TASK OBJECTIVE — Pull out every line below holding the word "meson".

(Beginning of GIVEN ENTRIES)

lemma odd_pairs_sym_diff_left:
  assumes "finite A" "finite B" "finite V"
  shows "odd_pairs R (sym_diff A B) V \<longleftrightarrow> odd_pairs R A V \<noteq> odd_pairs R B V"
proof -
  have "(sym_diff A B \<times> V) \<inter> {(g, p). R g p}
      = sym_diff ((A \<times> V) \<inter> {(g, p). R g p}) ((B \<times> V) \<inter> {(g, p). R g p})"
    by blast
  then show ?thesis
    using assms by (simp add: odd_pairs_def odd_card_sym_diff)
qed

lemma odd_pairs_sym_diff_right:
  assumes "finite U" "finite A" "finite B"
  shows "odd_pairs R U (sym_diff A B) \<longleftrightarrow> odd_pairs R U A \<noteq> odd_pairs R U B"
proof -
  have "(U \<times> sym_diff A B) \<inter> {(g, p). R g p}
      = sym_diff ((U \<times> A) \<inter> {(g, p). R g p}) ((U \<times> B) \<inter> {(g, p). R g p})"
    by blast
  then show ?thesis
    using assms by (simp add: odd_pairs_def odd_card_sym_diff)
qed

lemma odd_pairs_singleton_right: "odd_pairs R U {p} \<longleftrightarrow> odd (card {g \<in> U. R g p})"
proof -
  have "(U \<times> {p}) \<inter> {(g, p). R g p} = (\<lambda>g. (g, p)) ` {g \<in> U. R g p}"
    by blast
  then show ?thesis
    by (simp add: odd_pairs_def card_image inj_on_def)
qed

lemma odd_pairs_singleton [simp]: "odd_pairs R {g} {p} \<longleftrightarrow> R g p"
  by (simp add: odd_pairs_singleton_right Collect_conv_if)

lemma odd_pairs_swap: "odd_pairs R B A \<longleftrightarrow> odd_pairs (\<lambda>g p. R p g) A B"
proof -
  have "(B \<times> A) \<inter> {(g, p). R g p} = prod.swap ` ((A \<times> B) \<inter> {(g, p). R p g})"
    by force
  then show ?thesis
    by (simp add: odd_pairs_def card_image)
qed

lemma odd_pairs_disj:
  assumes "finite U" "finite V" "\<And>g p. g \<in> U \<Longrightarrow> p \<in> V \<Longrightarrow> \<not> (R g p \<and> R' g p)"
  shows "odd_pairs (\<lambda>g p. R g p \<or> R' g p) U V \<longleftrightarrow> odd_pairs R U V \<noteq> odd_pairs R' U V"
proof -
  have "(U \<times> V) \<inter> {(g, p). R g p \<or> R' g p}
      = ((U \<times> V) \<inter> {(g, p). R g p}) \<union> ((U \<times> V) \<inter> {(g, p). R' g p})"
    by blast
  then show ?thesis
    using assms by (simp add: odd_pairs_def odd_card_Un_disjoint disjoint_iff)
qed

lemma odd_pairs_diagonal_sym_diff_singleton:
  assumes "finite S" "\<not> R q q"
  shows "odd_pairs R (sym_diff S {q}) (sym_diff S {q})
    \<longleftrightarrow> odd_pairs R S S \<noteq> (odd (card {g \<in> S. R g q}) \<noteq> odd (card {h \<in> S. R q h}))"
proof -
  define P where "P X = (X \<times> X) \<inter> {(g, p). R g p}" for X
  define A where "A = {g \<in> S. R g q}"
  define B where "B = {h \<in> S. R q h}"
  have "P (sym_diff S {q}) = sym_diff (P S) ((\<lambda>g. (g, q)) ` A \<union> Pair q ` B)"
    using assms(2) by (auto simp: P_def A_def B_def)
  moreover have "(\<lambda>g. (g, q)) ` A \<inter> Pair q ` B = {}"
    using assms(2) by (auto simp: A_def B_def)
  moreover have "finite A" "finite B" "finite (P S)"
    using assms(1) by (auto simp: A_def B_def P_def)
  ultimately show ?thesis
    by (simp add: odd_pairs_def P_def[symmetric] odd_card_sym_diff odd_card_Un_disjoint
        card_image inj_on_def flip: A_def B_def)
qed

lemma odd_pairs_imp_odd_row:
  assumes "finite U" "finite V" "odd_pairs R U V"
  shows "\<exists>g \<in> U. odd (card {p \<in> V. R g p})"
proof (rule ccontr)
  assume "\<not> ?thesis"
  then have "even (\<Sum>g \<in> U. card {p \<in> V. R g p})"
    by (simp add: dvd_sum)
  moreover have "(U \<times> V) \<inter> {(g, p). R g p} = Sigma U (\<lambda>g. {p \<in> V. R g p})"
    by blast
  ultimately show False
    using assms by (simp add: odd_pairs_def card_SigmaI)
qed

text \<open>The cocycle of the model only needs a tournament (of two distinct elements exactly
  one precedes the other); choice provides one on every type.\<close>
definition prec :: "'a \<Rightarrow> 'a \<Rightarrow> bool" where
  "prec g h \<longleftrightarrow> (SOME x. x \<in> {g, h}) = g"

lemma prec_tournament: "g \<noteq> h \<Longrightarrow> prec g h \<longleftrightarrow> \<not> prec h g"
proof -
  assume "g \<noteq> h"
  have "(SOME x. x \<in> {g, h}) \<in> {g, h}"
    by (rule someI[of _ g]) simp
  moreover have "{h, g} = {g, h}"
    by blast
  ultimately show ?thesis
    using \<open>g \<noteq> h\<close> by (auto simp: prec_def)
qed

lemma prec_total: "prec g h \<or> prec h g"
  using prec_tournament[of g h] by (cases "g = h") (auto simp: prec_def)

lemma odd_pairs_tournament_split:
  assumes "finite A" "finite B"
    and Q_irrefl: "\<And>g p. g \<in> A \<Longrightarrow> p \<in> B \<Longrightarrow> Q g p \<Longrightarrow> g \<noteq> p"
    and Q_sym: "\<And>g p. g \<in> A \<Longrightarrow> p \<in> B \<Longrightarrow> Q p g \<longleftrightarrow> Q g p"
  shows "odd_pairs (\<lambda>g p. prec p g \<and> Q g p) A B \<noteq> odd_pairs (\<lambda>g p. prec p g \<and> Q g p) B A
    \<longleftrightarrow> odd_pairs Q A B"
proof -
  have "odd_pairs (\<lambda>g p. prec p g \<and> Q g p) B A \<longleftrightarrow> odd_pairs (\<lambda>g p. prec g p \<and> Q g p) A B"
    using Q_sym by (subst odd_pairs_swap) (intro odd_pairs_cong, auto)
  moreover have "odd_pairs Q A B \<longleftrightarrow> odd_pairs (\<lambda>g p. prec p g \<and> Q g p \<or> prec g p \<and> Q g p) A B"
    by (intro odd_pairs_cong) (metis prec_total)
  moreover have "\<not> ((prec p g \<and> Q g p) \<and> (prec g p \<and> Q g p))" if "g \<in> A" "p \<in> B" for g p
    using that Q_irrefl[of g p] prec_tournament[of g p] by blast
  ultimately show ?thesis
    using assms(1,2) by (simp add: odd_pairs_disj)
qed

section \<open>Commutators and translates in groups\<close>

lemma (in group) commute_if_commutator_one:
  assumes "a \<in> carrier G" "b \<in> carrier G" "a \<otimes> b \<otimes> inv a \<otimes> inv b = \<one>"
  shows "a \<otimes> b = b \<otimes> a"
proof -
  have ab_ba: "(a \<otimes> b) \<otimes> inv (b \<otimes> a) = \<one>"
    using assms by (simp add: inv_mult_group m_assoc)
  have "a \<otimes> b = (a \<otimes> b) \<otimes> (inv (b \<otimes> a) \<otimes> (b \<otimes> a))"
    using assms(1,2) by simp
  also have "\<dots> = b \<otimes> a"
    using assms(1,2) by (simp only: m_assoc[symmetric] ab_ba inv_closed m_closed l_one)
  finally show ?thesis .
qed

lemma (in group) inv_commute:
  assumes "x \<in> carrier G" "y \<in> carrier G" "x \<otimes> y = y \<otimes> x"
  shows "inv x \<otimes> y = y \<otimes> inv x"
proof -
  have "y \<otimes> inv x = inv x \<otimes> (x \<otimes> y) \<otimes> inv x"
    using assms(1,2) by (simp add: m_assoc[symmetric])
  also have "\<dots> = inv x \<otimes> (y \<otimes> x) \<otimes> inv x"
    by (simp only: assms(3))
  also have "\<dots> = inv x \<otimes> y"
    using assms(1,2) by (simp add: m_assoc)
  finally show ?thesis
    by simp
qed

lemma (in group) inv_mult_cancel_left [simp]:
  "x \<in> carrier G \<Longrightarrow> y \<in> carrier G \<Longrightarrow> inv x \<otimes> (x \<otimes> y) = y"
  by (simp add: m_assoc[symmetric])

lemma (in group) mult_inv_cancel_left [simp]:
  "x \<in> carrier G \<Longrightarrow> y \<in> carrier G \<Longrightarrow> x \<otimes> (inv x \<otimes> y) = y"
  by (simp add: m_assoc[symmetric])

lemma (in group) finite_lcos_fixed:
  assumes "torsion_free G" and S: "finite S" "S \<subseteq> carrier G" and k: "k \<in> carrier G"
    and "S \<noteq> {}" and fixed: "k <# S = S"
  shows "k = \<one>"
proof -
  obtain s where s: "s \<in> S"
    using \<open>S \<noteq> {}\<close> by blast
  define f where "f n = k [^] (n::nat) \<otimes> s" for n
  have orbit: "f n \<in> S" for n
  proof (induction n)
    case 0
    then show ?case
      using s S by (auto simp: f_def)
  next
    case (Suc n)
    then have "k \<otimes> f n \<in> k <# S"
      by (auto simp: l_coset_def)
    moreover have "k \<otimes> f n = f (Suc n)"
      using s S k by (auto simp: f_def m_assoc[symmetric] nat_pow_Suc2[OF k, symmetric])
    ultimately show ?case
      using fixed by simp
  qed
  have s_carrier: "s \<in> carrier G"
    using s S by blast
  have "\<not> inj f"
    using inj_on_finite[of f UNIV S] orbit S(1) by auto
  then obtain m n where "f m = f n" "m \<noteq> n"
    unfolding inj_def by blast
  then obtain m n where "f m = f n" "m < n"
    by (metis linorder_neqE_nat)
  then have pow_eq: "k [^] m = k [^] n"
    using k s_carrier by (simp add: f_def)
  have "k [^] m \<otimes> k [^] (n - m) = k [^] n"
    using k \<open>m < n\<close> by (simp add: nat_pow_mult)
  also have "\<dots> = k [^] m \<otimes> \<one>"
    using k by (simp add: pow_eq)
  finally have "k [^] (n - m) = \<one>"
    using k by simp
  then show ?thesis
    using assms(1) k \<open>m < n\<close> unfolding torsion_free_def by (meson zero_less_diff)
qed

lemma finite_lcos [simp]: "finite S \<Longrightarrow> finite (k <#\<^bsub>G\<^esub> S)"
  by (simp add: l_coset_def)

lemma (in group) lcos_sym_diff_singleton:
  "S \<subseteq> carrier G \<Longrightarrow> q \<in> carrier G \<Longrightarrow> k \<in> carrier G \<Longrightarrow>
    k <# sym_diff S {q} = sym_diff (k <# S) {k \<otimes> q}"
  by (auto simp: l_coset_def subset_eq)

lemma (in group) card_translate_Int:
  assumes "g \<in> carrier G" "S \<subseteq> carrier G"
  shows "card ((\<lambda>s. g \<otimes> s) ` S \<inter> I) = card {p \<in> S. g \<otimes> p \<in> I}"
proof -
  have "(\<lambda>s. g \<otimes> s) ` S \<inter> I = (\<lambda>s. g \<otimes> s) ` {p \<in> S. g \<otimes> p \<in> I}"
    by blast
  moreover have "inj_on (\<lambda>s. g \<otimes> s) S"
    using assms by (auto simp: inj_on_def subset_eq)
  ultimately show ?thesis
    by (simp add: card_image inj_on_subset)
qed

section \<open>The presented group\<close>

lemma valid_word_append [simp]: "valid_word H (u @ v) \<longleftrightarrow> valid_word H u \<and> valid_word H v"
  by (auto simp: valid_word_def)

lemma valid_word_Cons [simp]: "valid_word H (l # w) \<longleftrightarrow> fst l \<in> gens H \<and> valid_word H w"
  by (simp add: valid_word_def)

lemma valid_word_Nil [simp]: "valid_word H []"
  by (simp add: valid_word_def)

lemma mem_gens [simp]: "GA \<in> gens H" "GZ \<in> gens H" "GH h \<in> gens H \<longleftrightarrow> h \<in> carrier H"
  by (auto simp: gens_def)

definition inv_word :: "'h word \<Rightarrow> 'h word" where
  "inv_word w = rev (map (\<lambda>(x, b). (x, \<not> b)) w)"

lemma valid_inv_word [simp]: "valid_word H (inv_word w) \<longleftrightarrow> valid_word H w"
  by (auto simp: inv_word_def valid_word_def)

locale presentation =
  fixes H :: "('h, 'm) monoid_scheme" and I :: "'h set"
  assumes group_H: "group H"
begin

sublocale H: group H
  by (rule group_H)

lemma relator_valid: "r \<in> relators H I \<Longrightarrow> valid_word H r"
  by (auto simp: relators_def comm_word_def)

lemma pres_eq_valid: "pres_eq H I u v \<Longrightarrow> valid_word H u \<and> valid_word H v"
  by (induction rule: pres_eq.induct) (auto dest: relator_valid)

lemma pres_eq_append_left: "pres_eq H I u v \<Longrightarrow> valid_word H w \<Longrightarrow> pres_eq H I (w @ u) (w @ v)"
proof (induction rule: pres_eq.induct)
  case (cancel u v x b)
  then show ?case
    using pres_eq.cancel[where H=H and I=I and u="w @ u" and v=v and x=x and b=b] by simp
next
  case (relator u v r)
  then show ?case
    using pres_eq.relator[where H=H and I=I and u="w @ u" and v=v and r=r] by simp
qed (auto intro: pres_eq.intros)

lemma pres_eq_append_right: "pres_eq H I u v \<Longrightarrow> valid_word H w \<Longrightarrow> pres_eq H I (u @ w) (v @ w)"
proof (induction rule: pres_eq.induct)
  case (cancel u v x b)
  then show ?case
    using pres_eq.cancel[where H=H and I=I and u=u and v="v @ w" and x=x and b=b] by simp
next
  case (relator u v r)
  then show ?case
    using pres_eq.relator[where H=H and I=I and u=u and v="v @ w" and r=r] by simp
qed (auto intro: pres_eq.intros)

lemma pres_eq_append: "pres_eq H I u u' \<Longrightarrow> pres_eq H I v v' \<Longrightarrow> pres_eq H I (u @ v) (u' @ v')"
  by (meson pres_eq.trans pres_eq_append_left pres_eq_append_right pres_eq_valid)

lemma cls_eq_iff: "valid_word H w \<Longrightarrow> cls H I w = cls H I w' \<longleftrightarrow> pres_eq H I w w'"
  unfolding cls_def by (blast intro: pres_eq.refl pres_eq.sym pres_eq.trans)

lemma cls_eqI: "pres_eq H I w w' \<Longrightarrow> cls H I w = cls H I w'"
  using cls_eq_iff pres_eq_valid by blast
(* Let $n,m\ge 2$ and $K$ be positive integers, $T=mn$, and consider the one-way fixed effects panel regression model \[ \mathbf{y}=\mathbf{X}\boldsymbol{\beta}+\mathbf{Z}\boldsymbol{\gamma}+\mathbf{u}, \] where $\mathbf{y}\in\mathbb{R}^T$ is the response vector, $\mathbf{X}$ is a known non-stochastic real $(T\times K)$ matrix, $\boldsymbol{\beta}\in\mathbb{R}^K$ and $\boldsymbol{\gamma}\in\mathbb{R}^n$ are unknown parameters, $\mathbf{Z}=\mathbf{I}_n\otimes\mathbf{e}_m$ with $\mathbf{e}_m$ the $(m\times1)$ vector of ones, $E(\mathbf{u})=\mathbf{0}$ and $E(\mathbf{u}\mathbf{u}')=\mathbf{I}_n\otimes\boldsymbol{\Sigma}$ with $\boldsymbol{\Sigma}$ a known symmetric positive definite $(m\times m)$ matrix. Define \[ \mathbf{Q}=\mathbf{Z}\big(\mathbf{Z}'(\mathbf{I}_n\otimes\boldsymbol{\Sigma}^{-1})\mathbf{Z}\big)^{-1}\mathbf{Z}'(\mathbf{I}_n\otimes\boldsymbol{\Sigma}^{-1}),\qquad \mathbf{P}=(\mathbf{I}_n\otimes\boldsymbol{\Sigma}^{-1})(\mathbf{I}_T-\mathbf{Q}), \] $\mathbf{M}_m=\mathbf{I}_m-\mathbf{e}_m\mathbf{e}_m'/m$, $\mathbf{M}=\mathbf{I}_n\otimes\mathbf{M}_m$, and let $(\mathbf{I}_n\otimes\mathbf{M}_m\boldsymbol{\Sigma}\mathbf{M}_m)^{+}$ denote the Moore–Penrose inverse of $\mathbf{I}_n\otimes\mathbf{M}_m\boldsymbol{\Sigma}\mathbf{M}_m$. Set $\mathbf{C}_+=\mathbf{X}'\mathbf{M}(\mathbf{I}_n\otimes\mathbf{M}_m\boldsymbol{\Sigma}\mathbf{M}_m)^{+}\mathbf{M}\mathbf{X}$, and assume that $\mathbf{X}'\mathbf{P}\mathbf{X}$ and $\mathbf{C}_+$ are nonsingular. Define \[ \hat{\boldsymbol{\beta}}_{GLS}=(\mathbf{X}'\mathbf{P}\mathbf{X})^{-1}\mathbf{X}'\mathbf{P}\mathbf{y},\qquad \hat{\boldsymbol{\beta}}_{MLS}=\mathbf{C}_+^{-1}\mathbf{X}'\mathbf{M}(\mathbf{I}_n\otimes\mathbf{M}_m\boldsymbol{\Sigma}\mathbf{M}_m)^{+}\mathbf{y}. \] Then $\hat{\boldsymbol{\beta}}_{MLS}=\hat{\boldsymbol{\beta}}_{GLS}$ (for every realization $\mathbf{y}\in\mathbb{R}^T$).
   Context: $\otimes$ denotes the Kronecker product; $\mathbf{I}_k$ the $k\times k$ identity matrix. The Moore–Penrose inverse $\mathbf{B}^+$ of a matrix $\mathbf{B}$ is the unique matrix satisfying $\mathbf{B}\mathbf{B}^+\mathbf{B}=\mathbf{B}$, $\mathbf{B}^+\mathbf{B}\mathbf{B}^+=\mathbf{B}^+$, and $\mathbf{B}\mathbf{B}^+$, $\mathbf{B}^+\mathbf{B}$ symmetric. $\hat{\boldsymbol{\beta}}_{GLS}$ is the generalized least squares estimator of $\boldsymbol{\beta}$ in the fixed effects model, and $\hat{\boldsymbol{\beta}}_{MLS}$ is the Moore–Penrose inverse least squares estimator of $\boldsymbol{\beta}$ in the within-transformed model $\mathbf{M}\mathbf{y}=\mathbf{M}\mathbf{X}\boldsymbol{\beta}+\mathbf{M}\mathbf{u}$, whose error has singular dispersion $\mathbf{I}_n\otimes\mathbf{M}_m\boldsymbol{\Sigma}\mathbf{M}_m$. *)

theory Defs
  imports "Jordan_Normal_Form.Matrix"
begin

definition kron :: "'a :: times mat \<Rightarrow> 'a mat \<Rightarrow> 'a mat" where
  "kron A B = mat (dim_row A * dim_row B) (dim_col A * dim_col B)
     (\<lambda>(i,j). A $$ (i div dim_row B, j div dim_col B) * B $$ (i mod dim_row B, j mod dim_col B))"

definition ones_col :: "nat \<Rightarrow> 'a :: {zero,one} mat" where
  "ones_col m = mat m 1 (\<lambda>_. 1)"

text \<open>Inverse of a square matrix (meaningful when the matrix is nonsingular).\<close>
definition mat_inv :: "'a :: semiring_1 mat \<Rightarrow> 'a mat" where
  "mat_inv A = (THE B. B \<in> carrier_mat (dim_row A) (dim_row A) \<and> inverts_mat A B \<and> inverts_mat B A)"

definition is_MP_inverse :: "real mat \<Rightarrow> real mat \<Rightarrow> bool" where
  "is_MP_inverse A B \<longleftrightarrow> B \<in> carrier_mat (dim_col A) (dim_row A) \<and>
     A * B * A = A \<and> B * A * B = B \<and>
     transpose_mat (A * B) = A * B \<and> transpose_mat (B * A) = B * A"

definition MP_inverse :: "real mat \<Rightarrow> real mat" where
  "MP_inverse A = (THE B. is_MP_inverse A B)"

definition sym_pos_def :: "nat \<Rightarrow> real mat \<Rightarrow> bool" where
  "sym_pos_def m S \<longleftrightarrow> S \<in> carrier_mat m m \<and> transpose_mat S = S \<and>
     (\<forall>x \<in> carrier_vec m. x \<noteq> 0\<^sub>v m \<longrightarrow> x \<bullet> (S *\<^sub>v x) > 0)"

end

(*
  The within transformation M = I_n (x) M_m is the annihilator I - Z (Z'Z)^-1 Z' of the dummy
  design Z = I_n (x) e_m, and P = W (I - Z (Z'WZ)^-1 Z'W), with W = I_n (x) Sigma^-1 the inverse
  of the error dispersion V, is the GLS weight. Since P Z = 0 and Z'P = 0, one has M P = P = P M,
  and both M V M P and P M V M reduce to M; as M is a symmetric idempotent, P satisfies the four
  Penrose equations for M V M, so D+ = P. Then C+ = X'M P M X = X'P X and X'M D+ = X'P, i.e. the
  two estimators are given by the same formula.
*)
theory Submission
  imports Defs "Jordan_Normal_Form.Determinant"
begin

lemma assoc_mult_mat_dims:
  "dim_col A = dim_row B \<Longrightarrow> dim_col B = dim_row C \<Longrightarrow> A * B * C = A * (B * C)"
  by (rule assoc_mult_mat[of A "dim_row A" "dim_col A" B "dim_col B" C "dim_col C"]) auto

lemma mult_minus_distrib_mat_dims:
  fixes A :: "'a :: ring mat"
  shows "dim_col A = dim_row B \<Longrightarrow> dim_row C = dim_row B \<Longrightarrow> dim_col C = dim_col B \<Longrightarrow>
    A * (B - C) = A * B - A * C"
  by (rule mult_minus_distrib_mat[of A "dim_row A" "dim_col A" B "dim_col B"]) auto

lemma minus_mult_distrib_mat_dims:
  fixes A :: "'a :: ring mat"
  shows "dim_col A = dim_row C \<Longrightarrow> dim_row B = dim_row A \<Longrightarrow> dim_col B = dim_col A \<Longrightarrow>
    (A - B) * C = A * C - B * C"
  by (rule minus_mult_distrib_mat[of A "dim_row A" "dim_col A" B C "dim_col C"]) auto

(End of GIVEN ENTRIES)

YOUR SOLUTION —
    using assms(1) k \<open>m < n\<close> unfolding torsion_free_def by (meson zero_less_diff)
  by (meson pres_eq.trans pres_eq_append_left pres_eq_append_right pres_eq_valid)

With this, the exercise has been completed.